Mend those steps, mow that grass, and welcome your new neighbor -- Denny's. That's the latest directive from Lakewood City Hall, where efforts to preserve the integrity of the city's neighborhoods are colliding with plans to build an all-night Denny's on Detroit Avenue. City Council claims it can't stop the chain's plans. This from the city whose Architectural Review Board has no difficulty regulating the size of construction bricks or the distance between porch spindles. Councilman Brian Corrigan has proposed legislation requiring 24-hour businesses to take deliveries and have garbage removed during certain hours, but fears any policy more strict would spawn lawsuits. Residents fear the toothless ordinance won't prevent extra noise, traffic, and crime in a neighborhood already home to four bars and other late-night businesses. With inner-ring preservationists like these, it's no wonder citizens scatter to the outer suburbs.
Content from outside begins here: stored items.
section \<open>The action of injections and supports\<close>

lemma inj_covering_images:
  fixes u v :: "nat \<Rightarrow> nat"
  assumes u: "inj u" and v: "inj v" and A: "finite A" and uv: "\<forall>a\<in>A. u a = v a"
  obtains w where "inj w" "\<forall>a\<in>A. w a = u a" "u ` (- A) \<subseteq> w ` (- A)" "v ` (- A) \<subseteq> w ` (- A)"
proof -
  define W where "W = u ` (- A) \<union> v ` (- A)"
  have inf_A: "infinite (- A)"
    using A by (simp add: Compl_eq_Diff_UNIV Diff_infinite_finite)
  then have "infinite W"
    unfolding W_def using u by (auto dest: finite_imageD inj_on_subset)
  then have "bij_betw (from_nat_into W \<circ> to_nat_on (- A)) (- A) W"
    using inf_A by (intro bij_betw_trans[OF to_nat_on_infinite bij_betw_from_nat_into]) auto
  then obtain b where b: "bij_betw b (- A) W" ..
  define w where "w n = (if n \<in> A then u n else b n)" for n
  have wA: "w ` A = u ` A" and w_compl: "w ` (- A) = W"
    using b unfolding w_def bij_betw_def by auto
  have "inj_on w A"
    using inj_on_subset[OF u] by (simp add: w_def inj_on_def)
  moreover have "inj_on w (- A)"
    using b by (simp add: w_def bij_betw_def inj_on_def)
  moreover have "u ` A \<inter> W = {}"
    using u v uv unfolding W_def by (auto simp: inj_eq)
  ultimately have "inj_on w (A \<union> - A)"
    unfolding inj_on_Un by (simp add: Diff_eq wA w_compl)
  then show thesis
    using that w_compl unfolding W_def by (simp add: w_def)
qed

locale em_category =
  fixes C :: "('o, 'm, 'x) parsum_scheme"
  assumes em_cat: "em_cat C"
begin

sublocale category C
  using em_cat by unfold_locales (simp add: em_cat_def)

lemma act_o_obj: "inj u \<Longrightarrow> X \<in> c_obj C \<Longrightarrow> act_o C u X \<in> c_obj C"
  using em_cat unfolding em_cat_def by simp

lemma act_m_hom:
  assumes "inj u" "inj v" "f \<in> hom C X Y"
  shows "act_m C v u f \<in> hom C (act_o C u X) (act_o C v Y)"
  using assms em_cat unfolding em_cat_def by (simp add: hom_def)

lemma act_m_id: "inj u \<Longrightarrow> X \<in> c_obj C \<Longrightarrow> act_m C u u (c_id C X) = c_id C (act_o C u X)"
  using em_cat unfolding em_cat_def by simp

lemma act_m_comp:
  assumes "inj u" "inj v" "inj w" "f \<in> hom C X Y" "g \<in> hom C Y Z"
  shows "c_comp C (act_m C w v g) (act_m C v u f) = act_m C w u (c_comp C g f)"
  using assms em_cat unfolding em_cat_def by (simp add: hom_def)

lemma act_o_ident: "X \<in> c_obj C \<Longrightarrow> act_o C id X = X"
  using em_cat unfolding em_cat_def by simp

lemma act_m_ident: "f \<in> c_arr C \<Longrightarrow> act_m C id id f = f"
  using em_cat unfolding em_cat_def by simp

lemma act_o_act_o: "inj u \<Longrightarrow> inj v \<Longrightarrow> X \<in> c_obj C \<Longrightarrow> act_o C u (act_o C v X) = act_o C (u \<circ> v) X"
  using em_cat unfolding em_cat_def by simp

lemma act_m_comp_id_left:
  assumes "inj u" "inj v" "inj w" "f \<in> hom C X Y"
  shows "c_comp C (act_m C w v (c_id C Y)) (act_m C v u f) = act_m C w u f"
proof -
  have "Y \<in> c_obj C"
    using hom_objs[OF assms(4)] by simp
  then show ?thesis
    using act_m_comp[OF assms id_hom] comp_id_left[OF assms(4)] by simp
qed

lemma act_m_comp_id_right:
  assumes "inj u" "inj v" "inj w" "f \<in> hom C X Y"
  shows "c_comp C (act_m C w v f) (act_m C v u (c_id C X)) = act_m C w u f"
proof -
  have "X \<in> c_obj C"
    using hom_objs[OF assms(4)] by simp
  then show ?thesis
    using act_m_comp[OF assms(1-3) id_hom assms(4)] comp_id_right[OF assms(4)] by simp
qed

lemma act_m_id_hom:
  "inj u \<Longrightarrow> inj v \<Longrightarrow> X \<in> c_obj C \<Longrightarrow> act_m C v u (c_id C X) \<in> hom C (act_o C u X) (act_o C v X)"
  using act_m_hom id_hom by blast
(* For $n\ge2$, $c_n=|\mathcal C_n(321)|\ge |S_{n-1}(132,231)|=2^{n-2}$.
   Context: A permutation $\pi=\pi_1\cdots\pi_n$ (one-line notation) contains a classical pattern $p\in S_k$ if some subsequence $\pi_{t_1}\cdots\pi_{t_k}$ ($t_1<\dots<t_k$) is order-isomorphic to $p$; otherwise it avoids $p$. $S_m(132,231)$ is the set of permutations of $[m]$ avoiding both $132$ and $231$. $\mathcal C_n$ is the set of cyclic permutations of $[n]$ (a single $n$-cycle), $\mathcal C_n(321)$ those avoiding $321$, and $c_n=|\mathcal C_n(321)|$. *)

theory Defs
  imports "HOL-Combinatorics.Multiset_Permutations" "HOL-Library.Sublist"
begin

text \<open>Permutations of [m] = {1..m} in one-line notation, as lists.\<close>
definition perms :: "nat \<Rightarrow> nat list set" where
  "perms m = permutations_of_set {1..m}"

definition contains :: "nat list \<Rightarrow> nat list \<Rightarrow> bool" where
  "contains \<pi> p \<longleftrightarrow> (\<exists>ys. subseq ys \<pi> \<and> length ys = length p \<and>
      (\<forall>i<length p. \<forall>j<length p. (ys ! i < ys ! j \<longleftrightarrow> p ! i < p ! j)))"

definition avoids :: "nat list \<Rightarrow> nat list \<Rightarrow> bool" where
  "avoids \<pi> p \<longleftrightarrow> \<not> contains \<pi> p"

definition perm_fun :: "nat list \<Rightarrow> nat \<Rightarrow> nat" where
  "perm_fun \<pi> i = \<pi> ! (i - 1)"

text \<open>Cyclic permutations of [n]: a single n-cycle, i.e. the orbit of 1 is all of [n].\<close>
definition cyclic_perms :: "nat \<Rightarrow> nat list set" where
  "cyclic_perms n = {\<pi> \<in> perms n. \<forall>i\<in>{1..n}. \<exists>k. (perm_fun \<pi> ^^ k) 1 = i}"

end

theory Submission
  imports Defs
begin

(*
  A permutation with distinct entries avoids both 132 and 231 iff no subsequence a b c has
  a < b > c. Then the largest entry must stand at one end, and deleting it leaves a permutation
  of the same kind; so the m-permutations avoiding 132 and 231 are built by putting m in front of
  or behind one of the (m-1)-permutations, and there are 2^(m-1) of them.

  For the lower bound, take a cyclic 321-avoiding permutation of [m] whose last entry is not m,
  and insert m+1 into its cycle either just before or just after m. Both insertions keep the
  permutation cyclic and 321-avoiding with last entry below m+1; the first one ends with m and
  the second with the old last entry, so their images are disjoint. Starting from 21, this
  doubling produces 2^(n-2) distinct elements of C_n(321).
*)

section \<open>Subsequences and patterns of length three\<close>

lemma subseq_set: "subseq xs ys \<Longrightarrow> set xs \<subseteq> set ys"
  by (metis set_nths_subset subseq_conv_nths)

lemma subseq_distinct: "subseq xs ys \<Longrightarrow> distinct ys \<Longrightarrow> distinct xs"
  by (metis distinct_nthsI subseq_conv_nths)

lemma subseq_mapE:
  assumes "subseq ys (map f xs)"
  obtains zs where "subseq zs xs" "ys = map f zs"
  by (metis assms nths_map subseq_conv_nths)

lemma subseq_singleton_right: "subseq xs [x] \<longleftrightarrow> xs = [] \<or> xs = [x]"
  by (cases xs) auto

lemma subseq_snoc_iff:
  "subseq (ys @ [y]) (xs @ [x]) \<longleftrightarrow> subseq (ys @ [y]) xs \<or> (y = x \<and> subseq ys xs)"
proof -
  have "subseq (ys @ [y]) (xs @ [x]) \<longleftrightarrow>
      (\<exists>l1 l2. ys @ [y] = l1 @ l2 \<and> subseq l1 xs \<and> (l2 = [] \<or> l2 = [x]))"
    by (simp add: subseq_append_iff subseq_singleton_right)
  also have "\<dots> \<longleftrightarrow> subseq (ys @ [y]) xs \<or> (y = x \<and> subseq ys xs)"
    by auto
  finally show ?thesis .
qed

lemma contains_subseq: "subseq \<pi> \<sigma> \<Longrightarrow> contains \<pi> p \<Longrightarrow> contains \<sigma> p"
  unfolding contains_def using subseq_order.order_trans by blast

lemma contains_map_strict_mono:
  assumes mono: "strict_mono_on (set \<pi>) h" and "contains (map h \<pi>) p"
  shows "contains \<pi> p"
proof -
  obtain ys where ys: "subseq ys (map h \<pi>)" "length ys = length p"
    and order: "\<forall>i<length p. \<forall>j<length p. ys ! i < ys ! j \<longleftrightarrow> p ! i < p ! j"
    using assms(2) unfolding contains_def by blast
  obtain zs where zs: "subseq zs \<pi>" "ys = map h zs"
    using ys(1) by (rule subseq_mapE)
  have "ys ! i < ys ! j \<longleftrightarrow> zs ! i < zs ! j" if "i < length zs" "j < length zs" for i j
    using that zs strict_mono_on_less[OF mono] subseq_set[OF zs(1)] by (simp add: subsetD)
  then show ?thesis
    unfolding contains_def using zs ys order by (intro exI[of _ zs]) auto
qed
theorem ip_self_pos:
  assumes "spherical n adj" and "diagram n adj" and "m \<in> {1..n}" and "x m \<noteq> 0"
  shows "ip n adj x x > 0"
proof -
  define c where "c k = inv_form n adj (simple_root k) (simple_root k)" for k
  let ?x = "\<lambda>v. level_part n c v x"
  have c_pos: "c k > 0" if "k \<in> {1..n}" for k
    unfolding c_def using inv_form_self_pos[OF assms(1) that] by (simp add: simple_root_def)
  have scaled: "2 * inv_form n adj (?x v) (?x v) = v * ip n adj (?x v) (?x v)" for v
    by (rule inv_form_eq_scaled_ip) (auto simp: level_part_def c_def)
  have "ip n adj (?x v) (?x v) \<ge> 0" if "v \<in> c ` {1..n}" for v
  proof -
    have "v > 0"
      using that c_pos by auto
    moreover have "v * ip n adj (?x v) (?x v) \<ge> 0"
      using scaled[of v] inv_form_self_nonneg[of n adj "?x v"] by linarith
    ultimately show ?thesis
      by (simp add: zero_le_mult_iff)
  qed
  moreover have "ip n adj (?x (c m)) (?x (c m)) > 0"
  proof -
    have "inv_form n adj (?x (c m)) (?x (c m)) > 0"
      using inv_form_self_pos[OF assms(1,3)] assms(3,4) by (simp add: level_part_def)
    then have "c m * ip n adj (?x (c m)) (?x (c m)) > 0"
      using scaled[of "c m"] by linarith
    then show ?thesis
      using c_pos[OF assms(3)] by (simp add: zero_less_mult_iff)
  qed
  moreover have "ip n adj x x = (\<Sum>v\<in>c ` {1..n}. ip n adj (?x v) (?x v))"
    using inv_form_simple_root_self_adjacent[OF assms(2)] unfolding c_def
    by (intro ip_self_eq_sum_level_parts) blast
  ultimately show ?thesis
    using assms(3) by (auto intro!: sum_pos2[where i = "c m"])
qed
(* A subspace $\mathcal{U}$ of $\mathbb{R}^n$ is not realizable if and only if there is a diagonal $n\times n$ matrix $D$ with $\operatorname{tr}(D)>0$ and $v^TDv\le 0$ for all $v\in\mathcal{U}^\perp$.
   Context: A correlation matrix is a positive semidefinite matrix with all diagonal entries equal to $1$. A subspace $\mathcal{U}\subseteq\mathbb{R}^n$ is realizable if there is an $n\times n$ correlation matrix whose nullspace contains $\mathcal{U}$. *)

theory Defs
  imports "HOL-Analysis.Analysis"
begin

definition psd_matrix :: "real^'n^'n \<Rightarrow> bool" where
  "psd_matrix A \<longleftrightarrow> transpose A = A \<and> (\<forall>x. 0 \<le> x \<bullet> (A *v x))"

definition correlation_matrix :: "real^'n^'n \<Rightarrow> bool" where
  "correlation_matrix A \<longleftrightarrow> psd_matrix A \<and> (\<forall>i. A $ i $ i = 1)"

definition null_space :: "real^'n^'n \<Rightarrow> (real^'n) set" where
  "null_space A = {x. A *v x = 0}"

definition realizable :: "(real^'n) set \<Rightarrow> bool" where
  "realizable U \<longleftrightarrow> (\<exists>C::real^'n^'n. correlation_matrix C \<and> U \<subseteq> null_space C)"

definition diagonal_matrix :: "real^'n^'n \<Rightarrow> bool" where
  "diagonal_matrix D \<longleftrightarrow> (\<forall>i j. i \<noteq> j \<longrightarrow> D $ i $ j = 0)"
lemma scaled_tail_over_primitive_tendsto:
  fixes w F G :: "real \<Rightarrow> real"
  assumes "filterlim (\<lambda>r. F r / r) at_top (at_right 0)"
    and F_pos: "\<forall>\<^sub>F r in at_right 0. F r > 0"
    and F_deriv: "\<forall>\<^sub>F r in at_right 0. (F has_real_derivative w r / r) (at r)"
    and "\<forall>\<^sub>F r in at_right 0. (G has_real_derivative - (w r / r\<^sup>2)) (at r)"
    and wF: "((\<lambda>r. w r / F r) \<longlongrightarrow> c) (at_right 0)" and "c < 1"
  shows "((\<lambda>r. r * G r / F r) \<longlongrightarrow> c / (1 - c)) (at_right 0)"
proof -
  have r_pos: "\<forall>\<^sub>F r in at_right 0. (r::real) > 0" by (simp add: eventually_at_right_less)
  have w_lt_F: "\<forall>\<^sub>F r in at_right 0. w r < F r"
    using order_tendstoD(2)[OF wF \<open>c < 1\<close>] F_pos by eventually_elim (auto simp: field_simps)
  have "((\<lambda>r. G r / (F r / r)) \<longlongrightarrow> c / (1 - c)) (at_right 0)"
  proof (rule lhopital_right_0_at_top[where f'="\<lambda>r. - (w r / r\<^sup>2)"
        and g'="\<lambda>r. (w r / r * r - F r * 1) / (r * r)"])
    show "\<forall>\<^sub>F r in at_right 0. ((\<lambda>r. F r / r) has_real_derivative (w r / r * r - F r * 1) / (r * r)) (at r)"
      using F_deriv r_pos by eventually_elim (rule DERIV_divide[OF _ DERIV_ident], auto)
    show "\<forall>\<^sub>F r in at_right 0. (w r / r * r - F r * 1) / (r * r) \<noteq> 0"
      using r_pos w_lt_F by eventually_elim auto
    have "((\<lambda>r. (w r / F r) / (1 - w r / F r)) \<longlongrightarrow> c / (1 - c)) (at_right 0)"
      using \<open>c < 1\<close> by (intro tendsto_intros wF) auto
    then show "((\<lambda>r. - (w r / r\<^sup>2) / ((w r / r * r - F r * 1) / (r * r))) \<longlongrightarrow> c / (1 - c)) (at_right 0)"
      by (rule Lim_transform_eventually)
        (use r_pos w_lt_F F_pos in \<open>eventually_elim, auto simp: field_simps power2_eq_square\<close>)
  qed (use assms in auto)
  then show ?thesis by (simp add: mult.commute)
qed

lemma ereal_gt_1_inverse_bounds:
  fixes C :: ereal
  assumes "C > 1"
  defines "c \<equiv> if C = \<infinity> then 0 else 1 / real_of_ereal C"
  shows "0 \<le> c" "c < 1" "c / (1 - c) = (if C = \<infinity> then 0 else 1 / (real_of_ereal C - 1))"
proof -
  have "0 \<le> c \<and> c < 1 \<and> c / (1 - c) = (if C = \<infinity> then 0 else 1 / (real_of_ereal C - 1))"
  proof (cases C)
    case (real x) then show ?thesis using assms by (auto simp: c_def field_simps)
  qed (use assms in auto)
  then show "0 \<le> c" "c < 1" "c / (1 - c) = (if C = \<infinity> then 0 else 1 / (real_of_ereal C - 1))"
    by auto
qed

lemma oscillation_function_tendsto_0:
  assumes "oscillation_function w R"
  shows "(w \<longlongrightarrow> 0) (at_right 0)"
proof -
  have R: "R > 0" and "w 0 = 0" and cont: "continuous_on {0..<R} w"
    using assms unfolding oscillation_function_def by auto
  have "continuous_on {0..R/2} w" by (rule continuous_on_subset[OF cont]) (use R in auto)
  then show ?thesis using continuous_on_Icc_at_rightD R \<open>w 0 = 0\<close> by fastforce
qed

lemma log_primitive_has_derivative_near_0:
  fixes w :: "real \<Rightarrow> real"
  assumes "R > 0" "continuous_on {0<..<R} w" "(\<lambda>s. w s / s) integrable_on {0..R}"
  shows "\<forall>\<^sub>F r in at_right 0.
    ((\<lambda>r. integral {0..r} (\<lambda>s. w s / s)) has_real_derivative w r / r) (at r)"
  using eventually_at_right_real[OF \<open>R > 0\<close>]
proof eventually_elim
  case (elim r)
  then have "isCont w r" using assms(2) by (simp add: continuous_on_eq_continuous_at)
  then show ?case
    using elim assms(3) by (intro integral_upper_has_real_derivative continuous_intros) auto
qed

lemma tail_integral_has_derivative_near_0:
  fixes w :: "real \<Rightarrow> real"
  assumes "R > 0" and cont: "continuous_on {0<..<R} w" and int: "(\<lambda>s. w s / s) integrable_on {0..R}"
    and nonneg: "\<And>s. s \<in> {0<..<R} \<Longrightarrow> w s \<ge> 0"
  shows "\<forall>\<^sub>F r in at_right 0.
    ((\<lambda>r. integral {r..R} (\<lambda>s. w s / s\<^sup>2)) has_real_derivative - (w r / r\<^sup>2)) (at r)"
  using eventually_at_right_real[OF \<open>R > 0\<close>]
proof eventually_elim
  case (elim r)
  have "(\<lambda>s. w s / s) integrable_on {r/2..R}"
    using elim by (intro integrable_subinterval_real[OF int]) auto
  moreover have "continuous_on {r/2<..<R} (\<lambda>s. w s / s)"
    using elim by (intro continuous_intros continuous_on_subset[OF cont]) auto
  ultimately have "(\<lambda>s. w s / s / s) integrable_on {r/2..R}"
    using elim nonneg by (intro integrable_on_divide_ident[where f="\<lambda>s. w s / s"]) auto
  then have "(\<lambda>s. w s / s\<^sup>2) integrable_on {r/2..R}" by (simp add: power2_eq_square)
  moreover have "isCont w r" using elim cont by (simp add: continuous_on_eq_continuous_at)
  ultimately show ?case
    using elim by (intro integral_lower_has_real_derivative continuous_intros) auto
qed

lemma scaled_tail_over_primitive_tendsto_of_elasticity:
  fixes w F G :: "real \<Rightarrow> real"
  assumes "(w \<longlongrightarrow> 0) (at_right 0)" "(F \<longlongrightarrow> 0) (at_right 0)"
    and w_pos: "\<forall>\<^sub>F r in at_right 0. w r > 0"
    and w_deriv: "\<forall>\<^sub>F r in at_right 0. (w has_real_derivative w' r) (at r)"
    and F_deriv: "\<forall>\<^sub>F r in at_right 0. (F has_real_derivative w r / r) (at r)"
    and G_deriv: "\<forall>\<^sub>F r in at_right 0. (G has_real_derivative - (w r / r\<^sup>2)) (at r)"
    and blowup: "filterlim (\<lambda>r. w r / r) at_top (at_right 0)"
    and elasticity: "((\<lambda>r. r * w' r / w r) \<longlongrightarrow> c) (at_right 0)" and "c < 1"
  shows "((\<lambda>r. r * G r / F r) \<longlongrightarrow> c / (1 - c)) (at_right 0)"
proof -
  have F_over_r: "filterlim (\<lambda>r. F r / r) at_top (at_right 0)"
    using assms(2) F_deriv blowup by (rule primitive_over_ident_at_top)
  have F_pos: "\<forall>\<^sub>F r in at_right 0. F r > 0"
    using filterlim_at_top_dense[THEN iffD1, OF F_over_r, rule_format, of 1]
      eventually_at_right_less[of 0]
    by eventually_elim (auto simp: field_simps)
  then have F_nz: "\<forall>\<^sub>F r in at_right 0. F r \<noteq> 0" by eventually_elim auto
  have "((\<lambda>r. w r / F r) \<longlongrightarrow> c) (at_right 0)"
    using assms(1,2) w_pos F_nz w_deriv F_deriv elasticity by (rule tendsto_ratio_to_log_primitive)
  then show ?thesis
    using \<open>c < 1\<close> by (rule scaled_tail_over_primitive_tendsto[OF F_over_r F_pos F_deriv G_deriv])
qed

theorem lemma3p1:
  fixes w :: "real \<Rightarrow> real" and R :: real and C1 :: ereal
  assumes osc: "oscillation_function w R"
    and nbhd: "\<exists>\<delta>>0. \<delta> \<le> R \<and> concave_on {0..<\<delta>} w \<and> (\<forall>r\<in>{0<..<\<delta>}. w differentiable (at r))"
    and a: "(\<lambda>r. w r / r) integrable_on {0<..<R}"
    and b: "filterlim (\<lambda>r. w r / r) at_top (at_right 0)"
    and C1: "C1 > 1"
    and c: "((\<lambda>r. ereal (w r / (r * deriv w r))) \<longlongrightarrow> C1) (at_right 0)"
  shows "((\<lambda>r. Bquot w R r) \<longlongrightarrow> (if C1 = \<infinity> then 0 else 1 / (real_of_ereal C1 - 1))) (at_right 0)
         \<and> (\<exists>C2>0. \<forall>\<^sub>F r in at_right 0. Bquot w R r \<le> C2)"
proof -
  obtain d where d: "0 < d" and w_differentiable: "\<And>r. r \<in> {0<..<d} \<Longrightarrow> w differentiable (at r)"
    using nbhd by blast
  have R: "R > 0" and w_cont: "continuous_on {0..<R} w"
    and w_pos: "\<And>r. r \<in> {0<..<R} \<Longrightarrow> w r > 0"
    using osc unfolding oscillation_function_def by auto
  have w_cont_open: "continuous_on {0<..<R} w" by (rule continuous_on_subset[OF w_cont]) auto
  have f_int: "(\<lambda>s. w s / s) integrable_on {0..R}"
    using a by (simp add: integrable_on_open_interval_real)
  have F_lim: "((\<lambda>r. integral {0..r} (\<lambda>s. w s / s)) \<longlongrightarrow> 0) (at_right 0)"
    using continuous_on_Icc_at_rightD[OF indefinite_integral_continuous_1[OF f_int] R] by simp
  have near_0: "\<forall>\<^sub>F r in at_right 0. r \<in> {0<..<min d R}"
    using d R by (intro eventually_at_right_real) auto
  define c where "c = (if C1 = \<infinity> then 0 else 1 / real_of_ereal C1)"
  note c_bounds = ereal_gt_1_inverse_bounds[OF C1, folded c_def]
  have "C1 > 0" using C1 by (cases C1) auto
  then have elasticity: "((\<lambda>r. r * deriv w r / w r) \<longlongrightarrow> c) (at_right 0)"
    using tendsto_inverse_of_ereal_tendsto[OF c] by (simp add: c_def)
  have w_pos_near_0: "\<forall>\<^sub>F r in at_right 0. w r > 0"
    using near_0 by eventually_elim (use w_pos in auto)
  have w_deriv: "\<forall>\<^sub>F r in at_right 0. (w has_real_derivative deriv w r) (at r)"
    using near_0 by eventually_elim (simp add: w_differentiable DERIV_deriv_iff_real_differentiable)
  have w_nonneg: "\<And>s. s \<in> {0<..<R} \<Longrightarrow> w s \<ge> 0"
    using w_pos by (simp add: less_imp_le)
  have "((\<lambda>r. r * integral {r..R} (\<lambda>s. w s / s\<^sup>2) / integral {0..r} (\<lambda>s. w s / s))
      \<longlongrightarrow> c / (1 - c)) (at_right 0)"
    by (rule scaled_tail_over_primitive_tendsto_of_elasticity[OF
          oscillation_function_tendsto_0[OF osc] F_lim w_pos_near_0 w_deriv
          log_primitive_has_derivative_near_0[OF R w_cont_open f_int]
          tail_integral_has_derivative_near_0[OF R w_cont_open f_int w_nonneg] b elasticity c_bounds(2)])
  then have B_lim: "((\<lambda>r. Bquot w R r) \<longlongrightarrow> c / (1 - c)) (at_right 0)"
    by (rule Lim_transform_eventually)
      (use near_0 in \<open>eventually_elim, simp add: Bquot_def integral_open_interval_real\<close>)
  moreover have "\<forall>\<^sub>F r in at_right 0. Bquot w R r \<le> c / (1 - c) + 1"
    using order_tendstoD(2)[OF B_lim, of "c / (1 - c) + 1"] by (auto elim: eventually_mono)
  moreover have "c / (1 - c) + 1 > 0"
    using c_bounds(1,2) by (simp add: add_nonneg_pos)
  ultimately show ?thesis
    unfolding c_bounds(3)[symmetric] by blast
qed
First-grade felons? Last week a six-year-old boy faced Magistrate Peter Murray on a felonious assault charge. "He was three foot, three inches tall and about 40 pounds," says George George of the Public Defender's Office. "The magistrate took one look at him and said, "You've got to be kidding' and dismissed the case immediately." The boy was facing a charge of assaulting a teacher, but "he could not possibly have caused physical damage to an adult," George says. The boy is the fourth six-year-old the public defenders have represented in the past year and a half. Juvenile defender Sam Amata hopes court workers stop trying to charge diminutive delinquents. "I'm tired of [interviewing] six-year-olds whose feet don't touch the ground," Amata says. "We're asking them if they understand, and they're playing with Pokémon cards."